## ACTION ITEM
In the data that follows, each entry is to be restated exactly.

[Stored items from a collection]
--------------------

(* Let $F_1,\dots,F_{m+1}$ be scalar (non-linear) differential operators in $m$ unknown functions of orders $l(1),\dots,l(m+1)$, belonging to a system $\mathcal E$ given by operators $F_1,\dots,F_r$, and put $l=\sum_{i=1}^{m+1}l(i)$. Define $$[F_1,\dots,F_{m+1}]=\frac1{m!}\sum_{\zeta\in S_{m+1},\ \nu\in S_m}\frac{\operatorname{sgn}(\zeta)}{\operatorname{sgn}(\nu)}\sum_{\substack{\tau_1,\dots,\tau_m\\|\tau_i|=l(\zeta(i))}}\prod_{j=1}^m\frac{\partial F_{\zeta(j)}}{\partial p^{\nu(j)}_{\tau_j}}\;D_{\tau_1+\dots+\tau_m}F_{\zeta(m+1)}.$$ Then $[F_1,\dots,F_{m+1}]\equiv\{F_1,\dots,F_{m+1}\}\mod\mathcal J_{l-1}(\mathcal E)$.
   Context: Jet coordinates $(x^i,p^j_\sigma)$, $1\le i\le n$, $1\le j\le m$; total derivatives $D_i=\partial_{x^i}+\sum p^j_{\sigma+1_i}\partial_{p^j_\sigma}$, $D_\tau=D_1^{\tau_1}\cdots D_n^{\tau_n}$. A scalar non-linear operator of order $l$ is a smooth function on $J^l$. Linearization: $\ell_j(F)=\sum_\sigma\frac{\partial F}{\partial p^j_\sigma}D_\sigma$. Multi-bracket: $$\{F_1,\dots,F_{m+1}\}=\frac1{m!}\sum_{\alpha\in S_m,\beta\in S_{m+1}}(-1)^\alpha(-1)^\beta\ell_{\alpha(1)}(F_{\beta(1)})\circ\cdots\circ\ell_{\alpha(m)}(F_{\beta(m)})(F_{\beta(m+1)}).$$ $\mathcal J_s(\mathcal E)$ is the set of functions $\sum a_{i,\tau}D_\tau F_i$ (over $1\le i\le r$ and $\tau$ with $\operatorname{ord}F_i+|\tau|\le s$) with smooth coefficients $a_{i,\tau}$ on the jet space. *)

theory Defs
  imports "HOL-Analysis.Analysis"
begin

text \<open>Jet coordinates: X i is x^(i+1) (0-based, i < n); P j s is p^(j+1)_s
  where s :: nat => nat is a multi-index (supported in {0..<n}), j < m.\<close>

datatype coord = X nat | P nat "nat \<Rightarrow> nat"

type_synonym jetpt = "coord \<Rightarrow> real"
type_synonym jetfun = "jetpt \<Rightarrow> real"

definition midx :: "nat \<Rightarrow> (nat \<Rightarrow> nat) \<Rightarrow> bool" where
  "midx n s \<longleftrightarrow> (\<forall>i\<ge>n. s i = 0)"

definition mabs :: "nat \<Rightarrow> (nat \<Rightarrow> nat) \<Rightarrow> nat" where
  "mabs n s = (\<Sum>i<n. s i)"

definition valid_coord :: "nat \<Rightarrow> nat \<Rightarrow> nat \<Rightarrow> coord \<Rightarrow> bool" where
  "valid_coord n m l c = (case c of X i \<Rightarrow> i < n
                         | P j s \<Rightarrow> j < m \<and> midx n s \<and> mabs n s \<le> l)"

--------------------

## REPLY TO THE TASK
(* Let $F_1,\dots,F_{m+1}$ be scalar (non-linear) differential operators in $m$ unknown functions of orders $l(1),\dots,l(m+1)$, belonging to a system $\mathcal E$ given by operators $F_1,\dots,F_r$, and put $l=\sum_{i=1}^{m+1}l(i)$. Define $$[F_1,\dots,F_{m+1}]=\frac1{m!}\sum_{\zeta\in S_{m+1},\ \nu\in S_m}\frac{\operatorname{sgn}(\zeta)}{\operatorname{sgn}(\nu)}\sum_{\substack{\tau_1,\dots,\tau_m\\|\tau_i|=l(\zeta(i))}}\prod_{j=1}^m\frac{\partial F_{\zeta(j)}}{\partial p^{\nu(j)}_{\tau_j}}\;D_{\tau_1+\dots+\tau_m}F_{\zeta(m+1)}.$$ Then $[F_1,\dots,F_{m+1}]\equiv\{F_1,\dots,F_{m+1}\}\mod\mathcal J_{l-1}(\mathcal E)$.
   Context: Jet coordinates $(x^i,p^j_\sigma)$, $1\le i\le n$, $1\le j\le m$; total derivatives $D_i=\partial_{x^i}+\sum p^j_{\sigma+1_i}\partial_{p^j_\sigma}$, $D_\tau=D_1^{\tau_1}\cdots D_n^{\tau_n}$. A scalar non-linear operator of order $l$ is a smooth function on $J^l$. Linearization: $\ell_j(F)=\sum_\sigma\frac{\partial F}{\partial p^j_\sigma}D_\sigma$. Multi-bracket: $$\{F_1,\dots,F_{m+1}\}=\frac1{m!}\sum_{\alpha\in S_m,\beta\in S_{m+1}}(-1)^\alpha(-1)^\beta\ell_{\alpha(1)}(F_{\beta(1)})\circ\cdots\circ\ell_{\alpha(m)}(F_{\beta(m)})(F_{\beta(m+1)}).$$ $\mathcal J_s(\mathcal E)$ is the set of functions $\sum a_{i,\tau}D_\tau F_i$ (over $1\le i\le r$ and $\tau$ with $\operatorname{ord}F_i+|\tau|\le s$) with smooth coefficients $a_{i,\tau}$ on the jet space. *)

theory Defs
  imports "HOL-Analysis.Analysis"
begin

text \<open>Jet coordinates: X i is x^(i+1) (0-based, i < n); P j s is p^(j+1)_s
  where s :: nat => nat is a multi-index (supported in {0..<n}), j < m.\<close>

datatype coord = X nat | P nat "nat \<Rightarrow> nat"

type_synonym jetpt = "coord \<Rightarrow> real"
type_synonym jetfun = "jetpt \<Rightarrow> real"

definition midx :: "nat \<Rightarrow> (nat \<Rightarrow> nat) \<Rightarrow> bool" where
  "midx n s \<longleftrightarrow> (\<forall>i\<ge>n. s i = 0)"

definition mabs :: "nat \<Rightarrow> (nat \<Rightarrow> nat) \<Rightarrow> nat" where
  "mabs n s = (\<Sum>i<n. s i)"

definition valid_coord :: "nat \<Rightarrow> nat \<Rightarrow> nat \<Rightarrow> coord \<Rightarrow> bool" where
  "valid_coord n m l c = (case c of X i \<Rightarrow> i < n
                         | P j s \<Rightarrow> j < m \<and> midx n s \<and> mabs n s \<le> l)"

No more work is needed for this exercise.